Y media docena de casas de café, que al parecer habían brotado como setas de la mañana a la noche: el Jumpstart, el Espresso Exprés, el café Lottie, el Taza o'Joe, y el café Java.

Después de un rato me cansé de esquivar mimos y patinadores en línea y entré en el Madre Tierra, que ahora se llamaba café Krakatoa (este de Java). Su interior estaba tan abarrotado como el resto del centro comercial. Una camarera con un corte de pelo irregular anotaba nombres.

—¿Quiere sentarse en la mesa comunal? —le preguntaba al tipo que yo tenía delante, señalando una mesa larga con dos personas, sentadas una a cada extremo.

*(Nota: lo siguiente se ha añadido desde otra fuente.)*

text \<open>The subcomplex \<open>hat K_i^j\<close>: cells s \<times> T with T \<subseteq> [i,j].\<close>
definition prism_cells :: "'a set \<Rightarrow> ('a \<Rightarrow> int) \<Rightarrow> ('a \<Rightarrow> int) \<Rightarrow> int \<Rightarrow> int \<Rightarrow> 'a pcell set" where
  "prism_cells S mn mx i j =
     {Vert s t | s t. s \<in> S \<and> mn s \<le> t \<and> t \<le> mx s \<and> i \<le> t \<and> t \<le> j} \<union>
     {Horiz s t | s t. s \<in> S \<and> mn s \<le> t \<and> t + 1 \<le> mx s \<and> i \<le> t \<and> t + 1 \<le> j}"

definition ind :: "bool \<Rightarrow> 'f::field" where
  "ind P = (if P then 1 else 0)"

fun cell_bd :: "('a \<Rightarrow> nat) \<Rightarrow> ('a \<Rightarrow> nat \<Rightarrow> 'a) \<Rightarrow> 'a pcell \<Rightarrow> 'a pcell \<Rightarrow> 'f::field" where
  "cell_bd dim face (Vert s t) x =
     (if dim s = 0 then 0 else (\<Sum>i\<le>dim s. (-1) ^ i * ind (x = Vert (face s i) t)))"
| "cell_bd dim face (Horiz s t) x =
     (if dim s = 0 then 0 else (\<Sum>i\<le>dim s. (-1) ^ i * ind (x = Horiz (face s i) t)))
     + (-1) ^ dim s * (ind (x = Vert s (t + 1)) - ind (x = Vert s t))"

definition chain_bd :: "'a set \<Rightarrow> ('a \<Rightarrow> nat) \<Rightarrow> ('a \<Rightarrow> nat \<Rightarrow> 'a) \<Rightarrow> ('a \<Rightarrow> int) \<Rightarrow> ('a \<Rightarrow> int)
    \<Rightarrow> int \<Rightarrow> ('a pcell \<Rightarrow> 'f::field) \<Rightarrow> 'a pcell \<Rightarrow> 'f" where
  "chain_bd S dim face mn mx n c =
     (\<lambda>x. \<Sum>y\<in>prism_cells S mn mx (-1) (n + 1). c y * cell_bd dim face y x)"

definition is_chain :: "('a \<Rightarrow> nat) \<Rightarrow> 'a pcell set \<Rightarrow> nat \<Rightarrow> ('a pcell \<Rightarrow> 'f::field) \<Rightarrow> bool" where
  "is_chain dim X p c \<longleftrightarrow> (\<forall>x. c x \<noteq> 0 \<longrightarrow> x \<in> X \<and> cell_dim dim x = p)"

definition rel_cycle :: "'a set \<Rightarrow> ('a \<Rightarrow> nat) \<Rightarrow> ('a \<Rightarrow> nat \<Rightarrow> 'a) \<Rightarrow> ('a \<Rightarrow> int) \<Rightarrow> ('a \<Rightarrow> int)
    \<Rightarrow> int \<Rightarrow> 'a pcell set \<Rightarrow> 'a pcell set \<Rightarrow> nat \<Rightarrow> ('a pcell \<Rightarrow> 'f::field) \<Rightarrow> bool" where
  "rel_cycle S dim face mn mx n X A p z \<longleftrightarrow>
     is_chain dim X p z \<and> (\<forall>x. chain_bd S dim face mn mx n z x \<noteq> 0 \<longrightarrow> x \<in> A)"

text \<open>The class of the relative p-cycle z of (X, A) lies in the image of
  H_p(X', A') \<rightarrow> H_p(X, A) (for (X',A') \<subseteq> (X,A)): z is homologous in (X,A) to a
  relative cycle w of (X', A'), i.e. z - w - bd c is supported in A for some (p+1)-chain c of X.\<close>
definition in_image :: "'a set \<Rightarrow> ('a \<Rightarrow> nat) \<Rightarrow> ('a \<Rightarrow> nat \<Rightarrow> 'a) \<Rightarrow> ('a \<Rightarrow> int) \<Rightarrow> ('a \<Rightarrow> int)
    \<Rightarrow> int \<Rightarrow> 'a pcell set \<Rightarrow> 'a pcell set \<Rightarrow> 'a pcell set \<Rightarrow> 'a pcell set \<Rightarrow> nat
    \<Rightarrow> ('a pcell \<Rightarrow> 'f::field) \<Rightarrow> bool" where
  "in_image S dim face mn mx n X' A' X A p z \<longleftrightarrow>
     (\<exists>w c. rel_cycle S dim face mn mx n X' A' p w \<and> is_chain dim X (p + 1) c \<and>
        (\<forall>x. z x - w x - chain_bd S dim face mn mx n c x \<noteq> 0 \<longrightarrow> x \<in> A))"

end

theory Submission
  imports Defs
begin

text \<open>A vertical cell \<open>\<tau> \<times> {t}\<close> occurs in the boundary of \<open>\<sigma> \<times> {t}\<close> for cofacets \<open>\<sigma>\<close> of
  \<open>\<tau>\<close> and of the horizontal cells \<open>\<tau> \<times> [t-1,t]\<close> and \<open>\<tau> \<times> [t,t+1]\<close>, and of nothing else.
  If \<open>min \<tau> = t\<close>, the cofacets are born strictly after \<open>t\<close> and \<open>\<tau> \<times> [t-1,t]\<close> does not exist,
  so inside \<open>\<hat>K\<^sub>i\<^sup>t\<close> the cell \<open>\<tau> \<times> {t}\<close> is a free face: no chain of \<open>\<hat>K\<^sub>i\<^sup>t\<close> has it in its
  boundary. Hence its coefficient in a cycle cannot be changed by a boundary of \<open>\<hat>K\<^sub>i\<^sup>t\<close>, and
  it is not carried by any cycle of a subcomplex missing it. Dually for \<open>max \<tau> = t\<close>.\<close>

lemma Vert_in_prism_cells [simp]:
  "Vert s t \<in> prism_cells S mn mx i j \<longleftrightarrow> s \<in> S \<and> mn s \<le> t \<and> t \<le> mx s \<and> i \<le> t \<and> t \<le> j"
  by (auto simp: prism_cells_def)

lemma Horiz_in_prism_cells [simp]:
  "Horiz s t \<in> prism_cells S mn mx i j \<longleftrightarrow> s \<in> S \<and> mn s \<le> t \<and> t + 1 \<le> mx s \<and> i \<le> t \<and> t + 1 \<le> j"
  by (auto simp: prism_cells_def)

lemma interval_complex_facet_interval:
  assumes "interval_complex S dim face mn mx n" "s \<in> S" "0 < dim s" "i \<le> dim s"
  shows "mn (face s i) < mn s" "mx s < mx (face s i)"
proof -
  have "(face s i, s) \<in> (facet_rel S dim face)\<^sup>+"
    using assms(2-4) by (auto simp: facet_rel_def)
  then show "mn (face s i) < mn s" "mx s < mx (face s i)"
    using assms(1) unfolding interval_complex_def by blast+
qed
(* For any $(K,\Sigma)\in\Omega$, $$S_{K,\Sigma}=\mu\sum_{t=0}^\infty(\gamma V_K)^t+\frac{\mathrm{Tr}(\Sigma(B^\top B+D^\top D))}{1-V_K}\Big[\frac{1}{1-\gamma}-\frac{1}{1-\gamma V_K}\Big].$$ Furthermore, $$\frac{\mu}{1-\gamma V_K}\le S_{K,\Sigma}\le\frac{f(K,\Sigma)-(1-\gamma)^{-1}\big[\mathrm{Tr}(\Sigma R)-\frac{\tau}{2}\big(n+\log((2\pi)^n\det\Sigma)\big)\big]}{Q}.$$
   Context: Setting: $n\ge1$, $A,C\in\mathbb{R}$, $B\in\mathbb{R}^{1\times n}$ (row vector), $D\in\mathbb{R}^{n\times n}$, $Q>0$, $R\in\mathbb{R}^{n\times n}$ symmetric positive definite, $\gamma\in(0,1)$, $\tau>0$. Dynamics $x_{t+1}=(A+w_t^xC)x_t+(B+w_t^uD)u_t$ with $x_t\in\mathbb{R}$, $u_t\in\mathbb{R}^n$, white noises $w_t^x\in\mathbb{R}$, $w_t^u\in\mathbb{R}^{1\times n}$ independent across time, of each other and of the controls, zero mean, $\mathbb{E}(w_t^x)^2=1$, $\mathbb{E}[(w_t^u)^\top w_t^u]=I_n$. Policy $u_t\sim\mathcal N(-Kx_t,\Sigma)$ with density $\pi_{K,\Sigma}(\cdot|x)$. $V_K=A^2+C^2+K^\top(B^\top B+D^\top D)K-2ABK$, $\Omega=\{(K,\Sigma):K\in\mathbb{R}^n,\ \Sigma=\Sigma^\top\succ0,\ \gamma V_K<1\}$. $x_0\sim\mathcal D$, $\mu=\mathbb{E}x_0^2$. $S_{K,\Sigma}=\sum_{t\ge0}\gamma^t\mathbb{E}[x_t^2]$ and $f(K,\Sigma)=\mathbb{E}\big[\sum_{t\ge0}\gamma^t(Qx_t^2+u_t^\top Ru_t+\tau\log\pi_{K,\Sigma}(u_t|x_t))\big]$, both under the policy $(K,\Sigma)$. *)

theory Defs
  imports "HOL-Probability.Probability"
begin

Es una moda procedente de Inglaterra, donde los desconocidos tienen que compartir mesa para mantenerse al tanto de los chismorreos del príncipe Carlos y Camilla. No ha pegado demasiado fuerte por aquí, donde los desconocidos es más probable que quieran hablar de Rush Limbaugh o sobre sus implantes de pelo.

Yo me había sentado varías veces en las mesas comunales al principio, con la idea de que era una buena manera de obtener información sobre las tendencias de lenguaje y pensamiento; pero con haberlo probado tenía más que suficiente.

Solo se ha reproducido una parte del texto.